Über die Verarmung der deutschen Ausdrücke
Neulich las ich in einer Stellungnahme der DFG (Deutsche Forschungsgemeinschaft) zur „Humanen Genomsequenzierung“ folgende Zeilen: „Eine besondere Herausforderung stellen die sogenannten Zusatzbefunde dar.“ Und nur einen Gedankenstrich weiter: „Die Aufklärung von Patientinnen und Patienten bei humangenetischen Fragestellungen ist besonders herausfordernd und vielschichtig.“ Die Beispiele sind beliebig, ich könnte Hunderte weitere solcher Sätze aus Stellungnahmen, Pressemitteilungen und auch aus Interviews von Politikern zitieren. Ein weiteres Beispiel gefällig: „Geld hatte der Staat zu Zeiten der Hochschulgründungen genügend, die Politik hoffte mit Zuversicht, dass die Region sich als blühende Wissenslandschaft entfalten würde. Die Hege und Pflege dieses Erbes ist bis heute eine Herausforderung.“
Was kaum noch auffällt: Jedes Problem, jede Aufgabe, jede Schwierigkeit, ja auch jede Brüskierung, jede Bedrohung, jeder Affront wird verharmlost zur „Herausforderung“. „Herausforderung“ bzw. „herausfordernd“ gerinnen zu einem „Plastikwörtern“ (Uwe Pörsken): Diese Wörter tauchen in beliebigen Zusammenhängen auf, sind vielfältig verwendbar, klingen gut, man fragt nicht danach, was dahinter steckt bzw. die Sprecher sagen wollen; sie drücken sich damit aber stereotypisch und geschwollen aus.

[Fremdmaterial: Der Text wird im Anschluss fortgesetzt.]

lemma psd_Pmat_iff: "psd (Pmat p11 p12 p22) \<longleftrightarrow> 0 \<le> p11 \<and> 0 \<le> p22 \<and> p12^2 \<le> p11 * p22"
proof -
  have "psd (Pmat p11 p12 p22) \<longleftrightarrow> (\<forall>x y. 0 \<le> p11 * x^2 + 2 * p12 * x * y + p22 * y^2)"
    unfolding psd_def forall_vector_2 Pmat_def
    by (simp add: inner_vec_def matrix_vector_mult_def sum_2 power2_eq_square algebra_simps)
  also have "\<dots> \<longleftrightarrow> (\<forall>x y. (- p11) * x^2 + 2 * (- p12) * x * y + (- p22) * y^2 \<le> 0)"
    by (intro iff_allI) linarith
  finally show ?thesis
    unfolding binary_form_nonpos_iff by simp
qed

lemma nsd_Tmat_iff:
  "nsd (Tmat m b lam p11 p12 p22) \<longleftrightarrow>
    (let t11 = (lam - 2 * b * sqrt m) * p11 + 2 * sqrt m * p12;
         t12 = - b * sqrt m * p12 + sqrt m * p22 + lam * p12;
         t13 = - p11 / sqrt m + sqrt m / 2;
         t22 = lam * p22 - (m / 2) * lam;
         t23 = - p12 / sqrt m + lam / 2
     in t13 = 0 \<and> t23 = 0 \<and> t11 \<le> 0 \<and> t22 \<le> 0 \<and> t12^2 \<le> t11 * t22)"
  unfolding nsd_def forall_vector_3 Tmat_def Let_def ternary_form_nonpos_iff[symmetric]
  by (simp add: inner_vec_def matrix_vector_mult_def sum_3 power2_eq_square algebra_simps)

text \<open>Once \<open>p\<^sub>1\<^sub>1, p\<^sub>1\<^sub>2\<close> are fixed, every entry of the remaining \<open>2\<times>2\<close> block carries the
  common positive factor \<open>m\<^sup>3\<^sup>/\<^sup>2 / 2\<close>, which is divided out.\<close>
lemma nsd_Tmat_scaled_iff:
  assumes "m > 0"
  shows "nsd (Tmat m b (sqrt m * \<rho>) p11 p12 (m / 2 * q)) \<longleftrightarrow>
    p11 = m / 2 \<and> p12 = m / 2 * \<rho> \<and> 3 * \<rho> - 2 * b \<le> 0 \<and> \<rho> * (q - 1) \<le> 0
    \<and> (\<rho>^2 - b * \<rho> + q)^2 \<le> (3 * \<rho> - 2 * b) * (\<rho> * (q - 1))"
proof -
  define s where "s = sqrt m"
  define k where "k = s^3 / 2"
  have s: "s > 0" "m = s^2" using assms by (simp_all add: s_def)
  then have k: "k > 0" by (simp add: k_def)
  have p11: "- p11 / s + s / 2 = 0 \<longleftrightarrow> p11 = m / 2"
    using s by (auto simp: field_simps power2_eq_square)
  have p12: "- p12 / s + s * \<rho> / 2 = 0 \<longleftrightarrow> p12 = m / 2 * \<rho>"
    using s by (auto simp: field_simps power2_eq_square)
  have block: "((s * \<rho> - 2 * b * s) * p11 + 2 * s * p12 \<le> 0
      \<and> s * \<rho> * (m / 2 * q) - m / 2 * (s * \<rho>) \<le> 0
      \<and> (- b * s * p12 + s * (m / 2 * q) + s * \<rho> * p12)^2
          \<le> ((s * \<rho> - 2 * b * s) * p11 + 2 * s * p12) * (s * \<rho> * (m / 2 * q) - m / 2 * (s * \<rho>)))
    \<longleftrightarrow> 3 * \<rho> - 2 * b \<le> 0 \<and> \<rho> * (q - 1) \<le> 0
      \<and> (\<rho>^2 - b * \<rho> + q)^2 \<le> (3 * \<rho> - 2 * b) * (\<rho> * (q - 1))"
    if "p11 = m / 2" "p12 = m / 2 * \<rho>"
  proof -
    have "(s * \<rho> - 2 * b * s) * p11 + 2 * s * p12 = k * (3 * \<rho> - 2 * b)"
      and "s * \<rho> * (m / 2 * q) - m / 2 * (s * \<rho>) = k * (\<rho> * (q - 1))"
      and "- b * s * p12 + s * (m / 2 * q) + s * \<rho> * p12 = k * (\<rho>^2 - b * \<rho> + q)"
      unfolding that s(2) by (simp_all add: k_def power2_eq_square power3_eq_cube algebra_simps)
    moreover have "(k * C)^2 \<le> (k * A) * (k * B) \<longleftrightarrow> C^2 \<le> A * B" for A B C
    proof -
      have "(k * C)^2 \<le> (k * A) * (k * B) \<longleftrightarrow> k^2 * C^2 \<le> k^2 * (A * B)"
        by (simp add: power2_eq_square algebra_simps)
      also have "\<dots> \<longleftrightarrow> C^2 \<le> A * B"
        using k by (simp add: mult_le_cancel_left_pos)
      finally show ?thesis .
    qed
    ultimately show ?thesis
      using k by (simp add: mult_le_0_iff)
  qed
  show ?thesis
    unfolding nsd_Tmat_iff Let_def s_def[symmetric] using p11 p12 block by auto
qed

definition char_cubic :: "real \<Rightarrow> real \<Rightarrow> real" where
  "char_cubic b r = r * b^2 - 2 * (r^2 + 1) * b + r^3 + 3 * r"

text \<open>The Schur-complement residual of the scaled LMI plus a multiple of the \<open>P \<succeq> 0\<close> slack.\<close>
lemma neg_mult_char_cubic_eq:
  "- \<rho> * char_cubic b \<rho>
     = ((3 * \<rho> - 2 * b) * (\<rho> * (q - 1)) - (\<rho>^2 - b * \<rho> + q)^2) + (q - \<rho>^2) * q"
  by (simp add: char_cubic_def power2_eq_square power3_eq_cube algebra_simps)

lemma char_cubic_root_bounds:
  assumes "b > 0" and "char_cubic b r = 0"
  shows "0 < r" and "r \<le> 1"
proof -
  have "char_cubic b r = r * (r - b)^2 + 3 * r - 2 * b"
    by (simp add: char_cubic_def power2_eq_square power3_eq_cube algebra_simps)
  then show pos: "0 < r"
    using assms by (smt (verit) mult_nonpos_nonneg zero_le_power2)
  have "r * char_cubic b r = (r * b - (r^2 + 1))^2 + r^2 - 1"
    by (simp add: char_cubic_def power2_eq_square power3_eq_cube algebra_simps)
  then have "(r * b - (r^2 + 1))^2 + r^2 - 1 = 0"
    using assms(2) by simp
  then have "r^2 \<le> 1"
    by (smt (verit) zero_le_power2)
  then show "r \<le> 1"
    using pos by (simp add: power_le_one_iff abs_le_iff)
qed

lemma char_cubic_strict_mono:
  assumes "0 \<le> r" and "r < p" and "p \<le> 1"
  shows "char_cubic b r < char_cubic b p"
proof -
  have "char_cubic b p - char_cubic b r = (p - r) * ((b - p - r)^2 + 3 - p * r)"
    by (simp add: char_cubic_def power2_eq_square power3_eq_cube algebra_simps)
  moreover have "p * r \<le> 1"
    using assms by (simp add: mult_le_one)
  then have "(b - p - r)^2 + 3 - p * r > 0"
    by (smt (verit) zero_le_power2)
  ultimately show ?thesis
    using assms(2) by (smt (verit) mult_pos_pos)
qed

lemma char_cubic_unique_root:
  assumes "b > 0"
  shows "\<exists>!r. char_cubic b r = 0"
proof (rule ex_ex1I)
  have "char_cubic b 0 \<le> 0" and "char_cubic b 1 = (b - 2)^2"
    using assms by (simp_all add: char_cubic_def power2_eq_square algebra_simps)
  moreover have "\<forall>x. 0 \<le> x \<and> x \<le> 1 \<longrightarrow> isCont (char_cubic b) x"
    unfolding char_cubic_def by (auto intro!: continuous_intros)
  ultimately show "\<exists>r. char_cubic b r = 0"
    using IVT[of "char_cubic b" 0 0 1] by auto
next
  fix r p assume r: "char_cubic b r = 0" and p: "char_cubic b p = 0"
  note bounds = char_cubic_root_bounds[OF assms r] char_cubic_root_bounds[OF assms p]
  show "r = p"
  proof (cases r p rule: linorder_cases)
    case less
    then show ?thesis using char_cubic_strict_mono[of r p b] bounds r p by simp
  next
    case greater
    then show ?thesis using char_cubic_strict_mono[of p r b] bounds r p by simp
  qed
qed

Was meint nun Herausforderung? Im Alt- und Mittelhochdeutschen war mit „fordern“ ein „Verlangen“, aber auch das „anklagen“ verbunden, die Vorladung vor das Gericht; dahinter steckte auch anmahnen, befehlen, später das auch „überfordern“ und „ausdrückliches Verlangen“. Das Grimmsche Wörterbuch verbindet es noch mit der „provocatio“, (lat. die „Herausforderung zum Kampf“ bzw. „die Berufung auf einen höheren Richter“). Noch im 19. Jahrhundert „forderten“ sich Kontrahenten, so sie satisfaktionsfähig waren, zum Duell „heraus“.
Heute ist das alles passé! Man hat keine Probleme mehr, sondern steht vor (positiv ausgedrückt) Herausforderungen, man steckt nicht in Dilemmata, sondern vor einer Herausforderung, der Humangenetiker ist „herausgefordert“, die Nachricht eines bedrohlichen genetischen Defekts möglichst in Watte zu verpacken.
Soweit ich es beurteilen kann, ist das Wort „Herausforderung“ nicht zuletzt verarmt durch das Aufkommen der so genannten „political correctnes“. Zwar findet man für das englische Wort „Challenge“ ähnliche Bedeutungsnuancen wie „Aufforderung“, „Problem“, „Schwierigkeit“ etc. Aber weitere Nuancen mischen sich hinein und gewinnen an Bedeutung, darunter insbesondere – in der Übersetzung – „lockende Aufgabe“ und „Behinderung“. So darf man seit der Verbreitung der political correctnes nicht mehr sagen, jener sei „disabled“ („behindert“), sondern „challenged person“ („besonders herausgefordert“).
Die Sprache der „political correctness“ hat meines Erachtens viel mit der Sprache der Public Relations und des Marketings gemeinsam – und natürlich der Sprache des Politikers vor der Presse. Zwar sollen Pressesprecher die „Wahrheit“ verkünden, sie machen aber sehr schnell im Job die Erfahrung, dass sie zwischen allen Stühlen sitzen. So sehr sie um Glaubwürdigkeit bei Journalisten bemüht sind, so sehr sind sie dennoch Vertreter ihrer Institutionen und somit ihr und ihren Chefs die unbedingte Loyalität schuldig. So wird alles schön wolkig ausgedrückt, um ja niemandem auf die Füße zu treten oder – ganz natürlich – seinen Job nicht zu gefährden. Das wiederum begünstigt die Verarmung der Sprache. Lese ich neuere Meldungen aus der akademischen Welt etwa, aus den USA, England, aber auch inzwischen einiger deutscher Universitäten, so komme ich nicht umhin festzustellen, dass dieser Zeittrend sich verstärkt und die Verantwortlichen noch weniger bereit sein werden, „the middle of the road“ zu verlassen. Man möchte ihnen „mehr Mut“ zurufen …
Und so geraten wir immer mehr vor „Herausforderungen“, nicht mehr aber vor die Aufforderung zum akademischen Duell.